Is Japan out of the woods? Will it rise quickly like a phoenix out of the ashes? No, but it is in a unique position
in spite of all its challenges. Japan is now at the forefront of taking the proverbial bull by the horns. It is
the only major developed country where you have foreseeable political stability and unity, supportive and
predictable pro-growth fiscal and monetary policy, cyclical tailwinds, and a leader on a mission. Europe looks
interesting as it rebounds next year and trades at 20-year lows relative to global equity valuations. But unlike
Europe which remains stuck in its “two steps forward, one step backward” policy rut and has seemingly
wasted an opportunity to enact real, structural reform after the sovereign debt crisis, Japan is on the move.
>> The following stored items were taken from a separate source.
lemma full_rank_imp_inj_vec_mat:
  fixes A :: "nat \<Rightarrow> nat \<Rightarrow> 'a::{finite,field}"
  assumes rk: "mat_rank UNIV A k n = k"
  shows "inj_on (\<lambda>x. vec_mat x A k n) (vecs k)"
  unfolding inj_on_vec_mat_iff_kernel
proof (intro ballI impI ext)
  fix x l assume x: "x \<in> vecs k" and xA: "vec_mat x A k n = (\<lambda>_. 0)"
  show "x l = 0"
  proof (cases "l < k")
    case False then show ?thesis using x by (simp add: vecs_def)
  next
    case True
    obtain S where S: "S \<subseteq> {..<n}" "indep_cols UNIV A k S" "card S = k"
      using mat_rank_attained rk by metis
    have "(\<lambda>i. if i = l then 1 else 0) \<in> (vecs k :: (nat \<Rightarrow> 'a) set)"
      using True by (simp add: vecs_def)
    then have "(\<lambda>i. if i = l then 1 else 0) \<in> (\<lambda>a i. if i < k then \<Sum>s\<in>S. a s * A i s else 0) ` vecs_over UNIV S"
      unfolding indep_cols_onto[OF finite_subset[OF S(1) finite_lessThan] S(2,3)] .
    then obtain a where a: "(\<lambda>i. if i = l then 1 else 0) = (\<lambda>i. if i < k then \<Sum>s\<in>S. a s * A i s else 0)"
      by blast
    have ai: "(\<Sum>s\<in>S. A i s * a s) = (if i = l then 1 else 0)" if "i < k" for i
      using fun_cong[OF a, of i] that by (simp add: mult.commute)
    have "x l = (\<Sum>i<k. if i = l then x i else 0)" using True by simp
    also have "\<dots> = (\<Sum>i<k. x i * (\<Sum>s\<in>S. A i s * a s))" by (intro sum.cong) (simp_all add: ai)
    also have "\<dots> = (\<Sum>s\<in>S. (\<Sum>i<k. x i * A i s) * a s)" by (rule sum_bilinear_swap)
    also have "\<dots> = 0"
    proof (intro sum.neutral ballI)
      fix s assume "s \<in> S"
      then have "s < n" using S(1) by blast
      then show "(\<Sum>i<k. x i * A i s) * a s = 0" using fun_cong[OF xA, of s] by (simp add: vec_mat_def)
    qed
    finally show ?thesis .
  qed
qed

lemma inj_vec_mat_imp_full_rank:
  fixes N :: "nat \<Rightarrow> nat \<Rightarrow> 'a::{finite,field}"
  assumes inj: "inj_on (\<lambda>y. vec_mat y N r c) (vecs r)"
  shows "mat_rank UNIV N r c = r"
proof -
  obtain S where S: "S \<subseteq> {..<c}" "indep_cols UNIV N r S" "card S = mat_rank UNIV N r c"
    using mat_rank_attained by blast
  have fS: "finite S" using S(1) finite_subset by blast
  have "r \<le> card S"
  proof (rule ccontr)
    assume lt: "\<not> r \<le> card S"
    have "\<not> indep_cols_on UNIV (\<lambda>j l. N l j) S {..<r}"
      using card_indep_cols_le[OF subfield_UNIV finite_class.finite_UNIV fS finite_lessThan] lt by auto
    then obtain y where y0: "\<forall>s\<in>S. (\<Sum>l<r. y l * N l s) = 0" and ynz: "\<exists>l<r. y l \<noteq> 0"
      unfolding indep_cols_on_def by auto
    define y' where "y' = (\<lambda>l. if l < r then y l else 0)"
    have y': "y' \<in> vecs r" by (simp add: y'_def vecs_def)
    have "vec_mat y' N r c j = 0" for j
    proof (cases "j < c")
      case True
      obtain b where b: "\<forall>l<r. N l j = (\<Sum>s\<in>S. b s * N l s)"
        using mat_rank_cols_span[OF subfield_UNIV S True] by blast
      have "(\<Sum>l<r. y' l * N l j) = (\<Sum>l<r. y l * (\<Sum>s\<in>S. N l s * b s))"
        using b by (simp add: y'_def mult.commute)
      also have "\<dots> = (\<Sum>s\<in>S. (\<Sum>l<r. y l * N l s) * b s)" by (rule sum_bilinear_swap)
      finally show ?thesis using y0 True by (simp add: vec_mat_def)
    qed (simp add: vec_mat_def)
    then have "y' = (\<lambda>_. 0)" using inj y' by (auto simp: inj_on_vec_mat_iff_kernel fun_eq_iff)
    moreover obtain l where "l < r" "y l \<noteq> 0" using ynz by blast
    ultimately show False by (metis y'_def)
  qed
  moreover have "mat_rank UNIV N r c \<le> r" by (rule mat_rank_le_rows[OF subfield_UNIV]) simp_all
  ultimately show ?thesis using S(3) by simp
qed

lemma full_rank_imp_mat_vec_onto:
  fixes N :: "nat \<Rightarrow> nat \<Rightarrow> 'a::{finite,field}"
  assumes rk: "mat_rank UNIV N r c = r"
  shows "mat_vec N r c ` vecs c = vecs r"
proof
  show "mat_vec N r c ` vecs c \<subseteq> vecs r" using mat_vec_in_vecs by blast
  obtain S where S: "S \<subseteq> {..<c}" "indep_cols UNIV N r S" "card S = r"
    using mat_rank_attained rk by metis
  show "vecs r \<subseteq> mat_vec N r c ` vecs c"
  proof
    fix z :: "nat \<Rightarrow> 'a" assume "z \<in> vecs r"
    then obtain a where a: "a \<in> vecs_over UNIV S" "z = (\<lambda>l. if l < r then \<Sum>s\<in>S. a s * N l s else 0)"
      using indep_cols_onto[OF finite_subset[OF S(1) finite_lessThan] S(2,3)] by blast
    have "a \<in> vecs c" using a(1) S(1) by (auto simp: vecs_over_def vecs_def)
    moreover have "mat_vec N r c a = z"
      using a S(1) by (auto simp: mat_vec_def vecs_over_def mult.commute fun_eq_iff
          intro!: sum.mono_neutral_cong_right)
    ultimately show "z \<in> mat_vec N r c ` vecs c" by blast
  qed
qed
We currently remain slightly overweight Japan as part of top down country allocation process. Although
its valuations are not as compelling as Europe’s, Japan has best in class growth prospects, a good risk
profile as the yen weakens, and strong momentum. We also expect Japanese corporations, especially large
cap exporters, to increase ROEs and profitability, to become even more competitive globally, and for their
earnings to rise in excess of 15% in 2015.
2015 could be a really big year for Abenomics. What is important is that Abe has tightened his grip on power
in order to more quickly institute the necessary structural reforms. He has not only cemented the LDP’s
supermajority for several more years, but more important, he has strengthened his hand within the LDP,
amongst the disparate interest groups, and with Japan’s powerful bureaucracy. If he can get corporate
profitability to lead to greater investment – and here’s the crux – and to jump start wages increases, we may
be close to the beginning of the end of the scourge of deflation once and for all in Japan. Only time will tell.